# mssupport scam - confirm or deny?



## jdevola (Oct 28, 2010)

Hi All-

I recently received a suspicious email, and I desperately want to get the word out. I define 'suspicious' an email that was unsolicited (i.e., I never had an inquiry to microsoft). In addition the email was sent to an account that would be easy to find (i.e., it consists of [firstname][lastname]@domain.com), and it is an account that I do not give out to ANYONE (except myself).

I strongly suspect this is a PHISHING scam, and after finding another recipient on this forum ( [url]http://www.techsupportforum.com/showthread.php?t=306507&referrerid=758989 [/URL] ), I believe this is the case. The text of the email follows [redacted]:









Microsoft Customer Support <[email protected]om>to







[[firstname][lastname]@domain.com]
date







Wed, Oct 27, 2010 at 12:51 AMsubject







SRX1141428507ID - SRX1141428507IDmailed-by







css.one.microsoft.com
hide details Oct 27 (2 days ago) 


Hi [firstname],

This is Jet with Microsoft Windows Technical Support.

Please provide me a good call back number or send me an email if this issue is resolved or not so we can close this open service request. If you need further assistance, please give us a good call back date and time.

I await your response. My goal is to ensure that your experience with Microsoft Technical Support leaves you very satisfied with our products and services.
If you have any feedback regarding Microsoft support, I would be glad to hear from you.

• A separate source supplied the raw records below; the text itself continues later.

lemma ex_set_nn_integral_le_mixture:
  fixes d :: "'g \<Rightarrow> 'a \<Rightarrow> real" and d0 :: "'a \<Rightarrow> real" and \<epsilon> :: real
  assumes G: "finite G" "G \<noteq> {}" and "0 < \<epsilon>"
    and [measurable]: "B \<in> sets M" "d0 \<in> borel_measurable M" "\<And>g. d g \<in> borel_measurable M"
    and d_nonneg: "\<And>g x. 0 \<le> d g x" and d0_pos: "\<And>x. 0 < d0 x"
    and d_int: "\<And>g. g \<in> G \<Longrightarrow> (\<integral>\<^sup>+x. d g x \<partial>M) = 1" and d0_int: "(\<integral>\<^sup>+x. d0 x \<partial>M) = 1"
    and chi: "(\<Sum>g\<in>G. \<Sum>h\<in>G. \<integral>\<^sup>+x. d g x * d h x / d0 x \<partial>M) \<le> ennreal ((1 + \<epsilon>\<^sup>2) * (card G)\<^sup>2)"
  shows "\<exists>g\<in>G. (\<integral>\<^sup>+x\<in>B. d g x \<partial>M) \<le> (\<integral>\<^sup>+x\<in>B. d0 x \<partial>M) + \<epsilon>"
proof -
  define n where "n = real (card G)"
  have "0 < n" using G by (simp add: n_def card_gt_0_iff)
  define f where "f x = (\<Sum>g\<in>G. d g x) / n" for x
  have f_nonneg: "0 \<le> f x" for x
    unfolding f_def using \<open>0 < n\<close> d_nonneg by (simp add: sum_nonneg)
  have f_integral: "(\<integral>\<^sup>+x\<in>A. f x \<partial>M) = ennreal (1 / n) * (\<Sum>g\<in>G. \<integral>\<^sup>+x\<in>A. d g x \<partial>M)"
    if "A \<in> sets M" for A
    unfolding f_def by (rule set_nn_integral_sum_divide[OF that _ \<open>0 < n\<close> d_nonneg]) measurable
  have f_int: "(\<integral>\<^sup>+x. f x \<partial>M) = 1"
    using f_integral[OF sets.top] d_int \<open>0 < n\<close>
    by (simp add: n_def ennreal_of_nat_eq_real_of_nat ennreal_mult[symmetric])
  have "(\<integral>\<^sup>+x. (f x)\<^sup>2 / d0 x \<partial>M)
      = (\<integral>\<^sup>+x. ennreal (1 / n\<^sup>2) * (\<Sum>g\<in>G. \<Sum>h\<in>G. ennreal (d g x * d h x / d0 x)) \<partial>M)"
    using \<open>0 < n\<close> d_nonneg d0_pos
    by (intro nn_integral_cong)
      (simp add: f_def ennreal_mult[symmetric] sum_nonneg less_imp_le power2_eq_square
        sum_distrib_left sum_distrib_right sum_divide_distrib algebra_simps)
  also have "\<dots> = ennreal (1 / n\<^sup>2) * (\<Sum>g\<in>G. \<Sum>h\<in>G. \<integral>\<^sup>+x. d g x * d h x / d0 x \<partial>M)"
    by (simp add: nn_integral_cmult nn_integral_sum)
  also have "\<dots> \<le> ennreal (1 / n\<^sup>2) * ennreal ((1 + \<epsilon>\<^sup>2) * n\<^sup>2)"
    using chi by (intro mult_left_mono) (simp_all add: n_def)
  also have "\<dots> = ennreal (1 + \<epsilon>\<^sup>2)"
    using \<open>0 < n\<close> by (simp add: ennreal_mult[symmetric] add_pos_nonneg)
  finally have "(\<integral>\<^sup>+x. (f x)\<^sup>2 / d0 x \<partial>M) \<le> ennreal (1 + \<epsilon>\<^sup>2)" .
  then have mixture_le: "(\<integral>\<^sup>+x\<in>B. f x \<partial>M) \<le> (\<integral>\<^sup>+x\<in>B. d0 x \<partial>M) + \<epsilon>"
    using f_nonneg d0_pos f_int d0_int \<open>0 < \<epsilon>\<close>
    by (intro set_nn_integral_le_chi_square) (simp_all add: f_def)
  obtain g where "g \<in> G"
    and g_le: "(\<integral>\<^sup>+x\<in>B. d g x \<partial>M) \<le> ennreal (1 / n) * (\<Sum>h\<in>G. \<integral>\<^sup>+x\<in>B. d h x \<partial>M)"
    using ex_le_average_ennreal[OF G, of "\<lambda>g. \<integral>\<^sup>+x\<in>B. d g x \<partial>M"] unfolding n_def by blast
  note g_le
  also have "ennreal (1 / n) * (\<Sum>h\<in>G. \<integral>\<^sup>+x\<in>B. d h x \<partial>M) = (\<integral>\<^sup>+x\<in>B. f x \<partial>M)"
    by (rule f_integral[OF \<open>B \<in> sets M\<close>, symmetric])
  also note mixture_le
  finally show ?thesis
    using \<open>g \<in> G\<close> by blast
qed

section \<open>The Gaussian observation model\<close>

definition obs_component :: "nat \<Rightarrow> real \<Rightarrow> obs_seq \<Rightarrow> nat \<Rightarrow> (nat \<Rightarrow> real) measure" where
  "obs_component p \<sigma> \<theta> i = PiM {..<p} (\<lambda>j. density lborel (normal_density (\<theta> i j) \<sigma>))"

definition lborel_array :: "nat \<Rightarrow> nat set \<Rightarrow> obs_seq measure" where
  "lborel_array p I = PiM I (\<lambda>i. PiM {..<p} (\<lambda>j. lborel))"

definition obs_density :: "nat \<Rightarrow> real \<Rightarrow> obs_seq \<Rightarrow> nat set \<Rightarrow> obs_seq \<Rightarrow> real" where
  "obs_density p \<sigma> \<theta> I y = (\<Prod>i\<in>I. \<Prod>j<p. normal_density (\<theta> i j) \<sigma> (y i j))"

lemma obs_law_eq_PiM_obs_component: "obs_law p \<sigma> \<theta> = PiM {1..} (obs_component p \<sigma> \<theta>)"
  unfolding obs_law_def obs_component_def ..

lemma space_obs_law: "space (obs_law p \<sigma> \<theta>) = space (obs_space p)"
  unfolding obs_law_def obs_space_def by (simp add: space_PiM)

lemma sets_obs_law: "sets (obs_law p \<sigma> \<theta>) = sets (obs_space p)"
  unfolding obs_law_def obs_space_def by (intro sets_PiM_cong) (auto cong: sets_PiM_cong)

lemma sets_lborel_array: "sets (lborel_array p I) = sets (PiM I (\<lambda>i. PiM {..<p} (\<lambda>j. borel)))"
  unfolding lborel_array_def by (intro sets_PiM_cong) (auto cong: sets_PiM_cong)

lemma product_prob_space_obs_component:
  assumes "0 < \<sigma>"
  shows "product_prob_space (obs_component p \<sigma> \<theta>)"
proof -
  have "prob_space (obs_component p \<sigma> \<theta> i)" for i
  proof -
    interpret product_prob_space "\<lambda>j. density lborel (normal_density (\<theta> i j) \<sigma>)" "{..<p}"
      using assms by (simp add: product_prob_space_def product_prob_space_axioms_def
          product_sigma_finite_def prob_space_normal_density prob_space_imp_sigma_finite)
    show ?thesis unfolding obs_component_def by (rule P.prob_space_axioms)
  qed
  then show ?thesis
    by (simp add: product_prob_space_def product_prob_space_axioms_def product_sigma_finite_def
        prob_space_imp_sigma_finite)
qed

lemma prob_space_obs_law:
  assumes "0 < \<sigma>"
  shows "prob_space (obs_law p \<sigma> \<theta>)"
proof -
  interpret product_prob_space "obs_component p \<sigma> \<theta>" "{1..}"
    using product_prob_space_obs_component[OF assms] by (simp add: product_prob_space_def)
  show ?thesis unfolding obs_law_eq_PiM_obs_component by (rule P.prob_space_axioms)
qed

lemma obs_density_pos: "0 < \<sigma> \<Longrightarrow> 0 < obs_density p \<sigma> \<theta> I y"
  unfolding obs_density_def by (intro prod_pos) (simp add: normal_density_pos)

lemma measurable_component_component:
  assumes "i \<in> I" "j \<in> J"
  shows "(\<lambda>x. x i j) \<in> measurable (PiM I (\<lambda>i. PiM J (M i))) (M i j)"
proof -
  have "(\<lambda>x. x i) \<in> measurable (PiM I (\<lambda>i. PiM J (M i))) (PiM J (M i))"
    using assms(1) by (rule measurable_component_singleton)
  moreover have "(\<lambda>y. y j) \<in> measurable (PiM J (M i)) (M i j)"
    using assms(2) by (rule measurable_component_singleton)
  ultimately show ?thesis by (rule measurable_compose)
qed

lemma borel_measurable_obs_density[measurable]:
  "obs_density p \<sigma> \<theta> I \<in> borel_measurable (lborel_array p I)"
  unfolding obs_density_def lborel_array_def
  by (intro borel_measurable_prod measurable_compose[OF measurable_component_component]) auto

lemma PiM_obs_component_eq_density:
  assumes "finite I" "0 < \<sigma>"
  shows "PiM I (obs_component p \<sigma> \<theta>) = density (lborel_array p I) (obs_density p \<sigma> \<theta> I)"
proof -
  have sigma_finite_lborel_row: "sigma_finite_measure (PiM {..<p} (\<lambda>j. lborel :: real measure))"
  proof -
    interpret finite_product_sigma_finite "\<lambda>j. lborel :: real measure" "{..<p}"
      by (simp add: finite_product_sigma_finite_def product_sigma_finite_def
          lborel.sigma_finite_measure_axioms finite_product_sigma_finite_axioms_def)
    show ?thesis by (rule sigma_finite_measure_axioms)
  qed
  have row: "obs_component p \<sigma> \<theta> i = density (PiM {..<p} (\<lambda>j. lborel))
      (\<lambda>y. \<Prod>j<p. ennreal (normal_density (\<theta> i j) \<sigma> (y j)))" for i
    unfolding obs_component_def using assms(2)
    by (intro PiM_density) (auto intro: prob_space_imp_sigma_finite prob_space_normal_density
        lborel.sigma_finite_measure_axioms)
  have "PiM I (obs_component p \<sigma> \<theta>) = density (lborel_array p I)
      (\<lambda>y. \<Prod>i\<in>I. \<Prod>j<p. ennreal (normal_density (\<theta> i j) \<sigma> (y i j)))"
    unfolding row lborel_array_def using assms sigma_finite_lborel_row
    by (intro PiM_density) (auto simp: row[symmetric] intro: prob_space_imp_sigma_finite
        product_prob_space.prob_space[OF product_prob_space_obs_component])
  then show ?thesis
    by (simp add: obs_density_def prod_ennreal prod_nonneg)
qed

lemma nn_integral_obs_density:
  assumes "finite I" "0 < \<sigma>"
  shows "(\<integral>\<^sup>+y. obs_density p \<sigma> \<theta> I y \<partial>lborel_array p I) = 1"
proof -
  interpret product_prob_space "obs_component p \<sigma> \<theta>" I
    using product_prob_space_obs_component[OF assms(2)] by (simp add: product_prob_space_def)
  show ?thesis
    using P.emeasure_space_1
    by (simp add: PiM_obs_component_eq_density[OF assms] emeasure_density)
qed

lemma obs_density_mult_divide:
  assumes "finite I" "0 < \<sigma>"
  shows "obs_density p \<sigma> \<theta> I y * obs_density p \<sigma> \<theta>' I y / obs_density p \<sigma> (\<lambda>i j. 0) I y
    = exp ((\<Sum>i\<in>I. \<Sum>j<p. \<theta> i j * \<theta>' i j) / \<sigma>\<^sup>2) * obs_density p \<sigma> (\<lambda>i j. \<theta> i j + \<theta>' i j) I y"
  unfolding obs_density_def
  by (simp add: prod.distrib[symmetric] prod_dividef[symmetric] normal_density_mult_divide[OF assms(2)]
      exp_sum sum_divide_distrib assms(1))

lemma nn_integral_obs_density_mult_divide:
  assumes "finite I" "0 < \<sigma>"
  shows "(\<integral>\<^sup>+y. obs_density p \<sigma> \<theta> I y * obs_density p \<sigma> \<theta>' I y / obs_density p \<sigma> (\<lambda>i j. 0) I y
      \<partial>lborel_array p I) = exp ((\<Sum>i\<in>I. \<Sum>j<p. \<theta> i j * \<theta>' i j) / \<sigma>\<^sup>2)"
  using obs_density_pos[OF assms(2)]
  by (simp add: obs_density_mult_divide[OF assms] ennreal_mult less_imp_le nn_integral_cmult
      nn_integral_obs_density[OF assms])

If you would feel more comfortable speaking with someone else regarding my service, Bernard, my manager, would be very happy to hear your comments and suggestions. You may send an e-mail to v-2khrel AT mssupport.microsoft.com

Thank you for using Microsoft Support.

Sincerely,

Jethro Paquingan

v-2jepa AT mssupport.microsoft.com


----------



## tetonbob (Jan 10, 2005)

Scam. Report it and/or delete it.


----------